When it comes to our finances, January is typically the month when our chickens come home to roost. Christmas has resulted in a frenzy of consumerism and credit cards have taken the hit, but in January those bills land on the doormat. Add to that the current economic woes of rising interest rates, exorbitant energy costs and pending tax increases to help pay for the UK’s Covid response, and it’s easy to see how the financial hangover from this year’s festive season is going to cause anxiety for many.
Even in a good year the CIPD reckons that nearly half of the UK workforce experience financial difficulty of some sort. It can easily be caused by overspending or poor household budgeting, but it might also arise from a contentious divorce, insufficient pension funds, illness, a family rift, a poor investment. There are many potential reasons. Yet when the CIPD conducted a survey recently they found that although 57% of the UK employers consulted were actively focussed on the mental wellbeing of their staff, only 11% were looking at financial wellbeing.
Some might argue that when a person experiences financial difficulty then it’s a matter for the individual and no business of the employer. But if people are sufficiently worried about their finances then they are likely to suffer from stress, anxiety and insecurity, often accompanied by a sense of embarrassment, shame or failure. We might say that they are financially distressed. And then it is the business of the employer as we shall see.
When someone is financially distressed they are more likely to find it difficult to focus on work and their performance and behaviour can be negatively impacted. Even their physical health might be affected. This has obvious knock-on consequences for employers ranging from absenteeism, additional management resource, falling morale, and ultimately, less productivity. It is therefore important that financial wellness should be recognised by HR departments and included as an essential component of any mental wellbeing strategy.
But, in practical terms, what can be done?

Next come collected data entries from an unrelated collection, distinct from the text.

(* Let $p$ be a prime and $G$ a $p$-group of order $p^m$ with $|G/Z(G)|=p^3$. (1) If $G$ has no abelian maximal subgroup, then $$B_G(t)=\frac{1-p^{m-5}t}{(1-p^{m-2}t)(1-p^{m-3}t)}.$$ (2) If $G$ possesses an abelian maximal subgroup, then $$B_G(t)=\frac{1}{1-p^{m-3}t}\left(1+\frac{(p^{m-2}-p^{m-4})t}{1-p^{m-1}t}+\frac{(p^{m-2}-p^{m-3})t}{1-p^{m-2}t}\right).$$
   Context: For a finite group $G$ and $n\ge0$, let $G^{(n)}=\{(x_1,\dots,x_n)\in G^n: x_ix_j=x_jx_i\ \forall i,j\}$, on which $G$ acts by simultaneous conjugation; let $\beta_{G,n}$ be the number of orbits and $B_G(t)=\sum_{n\ge0}\beta_{G,n}t^n$, viewed as a rational function of $t$. *)

theory Defs
  imports "HOL-Algebra.Algebra" "HOL-Computational_Algebra.Formal_Power_Series"
begin

definition group_center :: "('a, 'b) monoid_scheme \<Rightarrow> 'a set" where
  "group_center G = {z \<in> carrier G. \<forall>g \<in> carrier G. z \<otimes>\<^bsub>G\<^esub> g = g \<otimes>\<^bsub>G\<^esub> z}"

definition maximal_subgroup :: "'a set \<Rightarrow> ('a, 'b) monoid_scheme \<Rightarrow> bool" where
  "maximal_subgroup H G \<longleftrightarrow> subgroup H G \<and> H \<noteq> carrier G \<and>
     (\<forall>K. subgroup K G \<and> H \<subseteq> K \<and> K \<noteq> carrier G \<longrightarrow> K = H)"

definition abelian_set :: "'a set \<Rightarrow> ('a, 'b) monoid_scheme \<Rightarrow> bool" where
  "abelian_set H G \<longleftrightarrow> (\<forall>x\<in>H. \<forall>y\<in>H. x \<otimes>\<^bsub>G\<^esub> y = y \<otimes>\<^bsub>G\<^esub> x)"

There’s a fine line to be drawn between an employer not caring and being too inquisitive and prying. Still, managers and colleagues can learn to recognise the symptoms of financial distress in others as well as themselves They can nurture a supportive environment where employees understand that it’s alright to discuss their financial problems and that they will receive a sympathetic hearing. HR managers can provide access to debt councillors and other areas of financial expertise. Employers can be flexible with pay structures, being sensitive to different age groups. For example, supporting young people with student debt is going to be different to supporting more financially literate older people with pension planning.
As we said at the beginning of this article, employees are more likely to benefit from discussion on financial wellness in January than at any other time of the year. Now is the time for caring employers to start the conversation and to provide the necessary support structure.